After fixing the issues with the interactions with the rust correlations code, I am now running into the following error when I run a correlation against the "Hippocampus Consortium M430v2 (Jun06) PDNN" dataset with the same trait from the URI above:
Traceback (most recent call last): File "/home/frederick/opt/gn_profiles/gn2_latest/lib/python3.9/site-packages/flask/app.py", line 1523, in full_dispatch_request rv = self.dispatch_request() File "/home/frederick/opt/gn_profiles/gn2_latest/lib/python3.9/site-packages/flask/app.py", line 1509, in dispatch_request return self.ensure_sync(self.view_functions[rule.endpoint])(**req.view_args) File "/home/frederick/genenetwork/genenetwork2/wqflask/wqflask/views.py", line 820, in corr_compute_page correlation_results = set_template_vars(request.form, correlation_results) File "/home/frederick/genenetwork/genenetwork2/wqflask/wqflask/correlation/show_corr_results.py", line 54, in set_template_vars table_json = correlation_json_for_table(correlation_data, File "/home/frederick/genenetwork/genenetwork2/wqflask/wqflask/correlation/show_corr_results.py", line 104, in correlation_json_for_table target_trait_ob = create_trait(dataset=target_dataset_ob, File "/home/frederick/genenetwork/genenetwork2/wqflask/base/trait.py", line 44, in create_trait the_trait = retrieve_trait_info( File "/home/frederick/genenetwork/genenetwork2/wqflask/base/trait.py", line 599, in retrieve_trait_info raise KeyError(repr(trait.name) KeyError: "'1' information is not found in the database."

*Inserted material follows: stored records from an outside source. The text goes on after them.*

lemma risk_vertex_pos:
  assumes "\<delta> \<in> decisions" "\<delta> \<noteq> (0, 1)"
  shows "\<exists>\<theta>\<in>{0, 1}. 0 < risk \<delta> \<theta>"
proof (cases "fst \<delta> = 0")
  case True
  then have "snd \<delta> < 1" using assms by (cases \<delta>) (auto simp: decisions_def)
  then have "0 < risk \<delta> 1" using assms by (auto simp: risk_at_vertices decisions_def)
  then show ?thesis by blast
next
  case False
  then have "0 < fst \<delta>" using assms by (auto simp: decisions_def)
  then have "0 < risk \<delta> 0" using assms by (auto simp: risk_at_vertices decisions_def)
  then show ?thesis by blast
qed

section \<open>Domination of decisions outside A\<close>

lemma boundary_dominated:
  assumes "\<delta> \<in> decisions" "\<delta> \<noteq> (0, 1)" "fst \<delta> \<in> {0, 1} \<or> snd \<delta> \<in> {0, 1}"
  shows "dominates (0, 1) \<delta>"
proof -
  have "risk (0, 1) \<theta> \<le> risk \<delta> \<theta>" if "\<theta> \<in> {0..1}" for \<theta>
  proof (cases "\<theta> \<in> {0, 1}")
    case True
    then show ?thesis
      using risk_vertex_nonneg[OF assms(1)] risk_perfect_at_vertices by auto
  next
    case False
    then show ?thesis using that risk_boundary_infinite[OF _ _ assms(3)] by auto
  qed
  moreover obtain \<theta> where "\<theta> \<in> {0, 1}" "0 < risk \<delta> \<theta>"
    using risk_vertex_pos[OF assms(1,2)] by blast
  then have "\<exists>\<theta>\<in>{0..1}. risk (0, 1) \<theta> < risk \<delta> \<theta>"
    using risk_perfect_at_vertices by (intro bexI[of _ \<theta>]) auto
  ultimately show ?thesis by (simp add: dominates_def)
qed

lemma inverted_dominated_by_constant:
  assumes "0 < d1" "d1 < d0" "d0 < 1"
  defines "t \<equiv> d0 / (1 + (d0 - d1))"
  shows "0 < t" "t < 1" "dominates (t, t) (d0, d1)"
proof -
  define s where "s = 1 + (d0 - d1)"
  have "1 < s" using assms by (simp add: s_def)
  have t_eq: "t = d0 / s" by (simp add: t_def s_def)
  have "1 - t = (s - d0) / s" using \<open>1 < s\<close> by (simp add: t_eq field_simps)
  then have one_minus_t: "1 - t = (1 - d1) / s" by (simp add: s_def)
  show "0 < t" "t < 1"
    using assms(1-3) \<open>1 < s\<close> t_eq one_minus_t by simp_all
  have ln_t: "ln t = ln d0 - ln s"
    using assms(1-3) \<open>1 < s\<close> by (simp add: t_eq ln_div)
  have ln_one_minus_t: "ln (1 - t) = ln (1 - d1) - ln s"
    unfolding one_minus_t using assms(1-3) \<open>1 < s\<close> by (simp add: ln_div)
  have "risk_real (t, t) \<theta> < risk_real (d0, d1) \<theta>" if "0 \<le> \<theta>" "\<theta> \<le> 1" for \<theta>
  proof -
    have "risk_real (d0, d1) \<theta> - risk_real (t, t) \<theta>
        = \<theta>^2 * (ln d0 - ln d1) + (1 - \<theta>)^2 * (ln (1 - d1) - ln (1 - d0)) - ln s"
      unfolding risk_real_def kl_real_def fst_conv snd_conv ln_t ln_one_minus_t
      by (simp add: algebra_simps power2_eq_square)
    then show ?thesis
      using shrinkage_gain_lt_spread_cost[of d1 d0 \<theta>] assms(1-3) that by (simp add: s_def)
  qed
  then have "risk (t, t) \<theta> < risk (d0, d1) \<theta>" if "\<theta> \<in> {0..1}" for \<theta>
    using that assms(1-3) \<open>0 < t\<close> \<open>t < 1\<close> by (simp add: risk_interior)
  then show "dominates (t, t) (d0, d1)"
    unfolding dominates_def by (auto intro: less_imp_le)
qed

The error above was caused by processing the data for output way too early. This has been fixed.
Running "Tissue" correlations on
against the "BXD Published Phenotypes" database fails with the error:
This also fails if you run it against the "BXD Genotypes" dataset.

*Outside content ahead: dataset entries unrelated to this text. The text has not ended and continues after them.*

(* Let $F,G_1,\dots,G_n$ be pairwise disjoint always solvable graphs, let $u\in V(F)$ and $v_i\in V(G_i)$ for $1\le i\le n$, and let $H$ be the graph obtained from the disjoint union $F\cup G_1\cup\cdots\cup G_n$ by adding the edges $v_iu$ for $1\le i\le n$. If $\mathcal{A}_F(u)=0$, then $H$ is always solvable. If $\mathcal{A}_F(u)=1$, then $H$ is always solvable if and only if the number of indices $i$ with $\mathcal{A}_{G_i}(v_i)=1$ is even.
   Context: For a finite simple graph $G$ with vertex set $\{v_1,\dots,v_n\}$, the closed adjacency matrix $N(G)$ is the $n\times n$ matrix over $\mathbb{Z}_2$ whose $(i,j)$ entry is $1$ iff $i=j$ or $v_i$ is adjacent to $v_j$. $G$ is always solvable if $\operatorname{Ker}(N(G))=0$. Elements of $\operatorname{Ker}(N(G))$ are null patterns. A vertex $v$ is half-activated if $\boldsymbol{\ell}(v)=1$ for some null pattern $\boldsymbol{\ell}$; otherwise it is always-activated if $\mathbf{p}(v)=1$ for every $\mathbf{p}$ with $N(G)\mathbf{p}=\mathbf{1}$ (the all-ones vector), and never-activated if $\mathbf{p}(v)=0$ for every such $\mathbf{p}$. The activation number $\mathcal{A}_G(v)$ is $1$, $0$, $-1$ for always-, never-, half-activated respectively. *)

theory Defs
  imports Main "HOL-Library.Z2"
begin

type_synonym 'a graph = "'a set \<times> ('a \<Rightarrow> 'a \<Rightarrow> bool)"

definition verts :: "'a graph \<Rightarrow> 'a set" where "verts G = fst G"
definition adj :: "'a graph \<Rightarrow> 'a \<Rightarrow> 'a \<Rightarrow> bool" where "adj G = snd G"

definition simple_graph :: "'a graph \<Rightarrow> bool" where
  "simple_graph G \<longleftrightarrow> finite (verts G)
     \<and> (\<forall>x y. adj G x y \<longrightarrow> x \<in> verts G \<and> y \<in> verts G)
     \<and> (\<forall>x y. adj G x y \<longrightarrow> adj G y x)
     \<and> (\<forall>x. \<not> adj G x x)"

definition vec_on :: "'a graph \<Rightarrow> ('a \<Rightarrow> bit) \<Rightarrow> bool" where
  "vec_on G p \<longleftrightarrow> (\<forall>x. x \<notin> verts G \<longrightarrow> p x = 0)"

text \<open>The product N(G) p of the closed adjacency matrix with a vector p, over Z2.\<close>
definition closed_adj_mult :: "'a graph \<Rightarrow> ('a \<Rightarrow> bit) \<Rightarrow> 'a \<Rightarrow> bit" where
  "closed_adj_mult G p v = (\<Sum>w\<in>{w\<in>verts G. w = v \<or> adj G v w}. p w)"

definition null_pattern :: "'a graph \<Rightarrow> ('a \<Rightarrow> bit) \<Rightarrow> bool" where
  "null_pattern G l \<longleftrightarrow> vec_on G l \<and> (\<forall>v\<in>verts G. closed_adj_mult G l v = 0)"

definition always_solvable :: "'a graph \<Rightarrow> bool" where
  "always_solvable G \<longleftrightarrow> (\<forall>l. null_pattern G l \<longrightarrow> l = (\<lambda>_. 0))"

definition solution :: "'a graph \<Rightarrow> ('a \<Rightarrow> bit) \<Rightarrow> bool" where
  "solution G p \<longleftrightarrow> vec_on G p \<and> (\<forall>v\<in>verts G. closed_adj_mult G p v = 1)"

definition half_activated :: "'a graph \<Rightarrow> 'a \<Rightarrow> bool" where
  "half_activated G v \<longleftrightarrow> (\<exists>l. null_pattern G l \<and> l v = 1)"

definition always_activated :: "'a graph \<Rightarrow> 'a \<Rightarrow> bool" where
  "always_activated G v \<longleftrightarrow> \<not> half_activated G v \<and> (\<forall>p. solution G p \<longrightarrow> p v = 1)"

definition never_activated :: "'a graph \<Rightarrow> 'a \<Rightarrow> bool" where
  "never_activated G v \<longleftrightarrow> \<not> half_activated G v \<and> (\<forall>p. solution G p \<longrightarrow> p v = 0)"

definition activation :: "'a graph \<Rightarrow> 'a \<Rightarrow> int" where
  "activation G v = (if half_activated G v then -1
                     else if always_activated G v then 1
                     else if never_activated G v then 0 else undefined)"

text \<open>The graph H: disjoint union of F and G_0..G_(n-1) plus the edges v_i u.\<close>
definition attach_graph :: "'a graph \<Rightarrow> 'a \<Rightarrow> nat \<Rightarrow> (nat \<Rightarrow> 'a graph) \<Rightarrow> (nat \<Rightarrow> 'a) \<Rightarrow> 'a graph" where
  "attach_graph F u n G v =
     (verts F \<union> (\<Union>i<n. verts (G i)),
      \<lambda>x y. adj F x y \<or> (\<exists>i<n. adj (G i) x y)
            \<or> (\<exists>i<n. (x = v i \<and> y = u) \<or> (x = u \<and> y = v i)))"

end

(* Over Z2 the closed adjacency matrix N of a simple graph is symmetric with unit diagonal, so
   x^T N x = sum of x for every x.  Taking x = N^-1 e_v and a solution p of N p = 1 gives
   x v = x^T N p = p v: for an always solvable graph, the activation number of v is the
   diagonal entry (N^-1)_vv.
   Restricted to G_i, a null pattern l of H satisfies N l = l(u) e_(v_i), and restricted to F it
   satisfies N l = (sum_i l(v_i)) e_u.  Hence l = l(u) N^-1 e_(v_i) on G_i and
   l = l(u) (sum_i (N^-1)_(v_i v_i)) N^-1 e_u on F, so a nonzero null pattern forces l(u) = 1,
   (N_F^-1)_uu = 1 and sum_i (N_(G_i)^-1)_(v_i v_i) = 1; conversely under these two conditions
   the sum of the columns N_F^-1 e_u and N_(G_i)^-1 e_(v_i) is a nonzero null pattern of H. *)

theory Submission
  imports Defs
begin

(* Keep + and * on bit as field operations rather than rewriting them to XOR and AND. *)
declare add_bit_eq_xor [simp del] mult_bit_eq_and [simp del]

lemma bit_add_eq_0_iff: "(a::bit) + b = 0 \<longleftrightarrow> a = b"
  by (cases a; cases b) simp_all

lemma bit_mult_self [simp]: "(a::bit) * a = a"
  by (cases a) simp_all

lemma bit_mult_eq_1_iff: "(a::bit) * b = 1 \<longleftrightarrow> a = 1 \<and> b = 1"
  by (cases a; cases b) simp_all

lemma bit_eq_of_bool: "(b::bit) = of_bool (b = 1)"
  by (cases b) simp_all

Traceback (most recent call last): File "/usr/local/guix-profiles/gn-latest-20220820/lib/python3.9/site-packages/flask/app.py", line 1523, in full_dispatch_request rv = self.dispatch_request() File "/usr/local/guix-profiles/gn-latest-20220820/lib/python3.9/site-packages/flask/app.py", line 1509, in dispatch_request return self.ensure_sync(self.view_functions[rule.endpoint])(**req.view_args) File "/home/gn2/production/gene/wqflask/wqflask/views.py", line 820, in corr_compute_page correlation_results = set_template_vars(request.form, correlation_results) File "/home/gn2/production/gene/wqflask/wqflask/correlation/show_corr_results.py", line 54, in set_template_vars table_json = correlation_json_for_table(correlation_data, File "/home/gn2/production/gene/wqflask/wqflask/correlation/show_corr_results.py", line 104, in correlation_json_for_table target_trait_ob = create_trait(dataset=target_dataset_ob, File "/home/gn2/production/gene/wqflask/base/trait.py", line 44, in create_trait the_trait = retrieve_trait_info( File "/home/gn2/production/gene/wqflask/base/trait.py", line 599, in retrieve_trait_info raise KeyError(repr(trait.name) KeyError: "'1422223_at' information is not found in the database."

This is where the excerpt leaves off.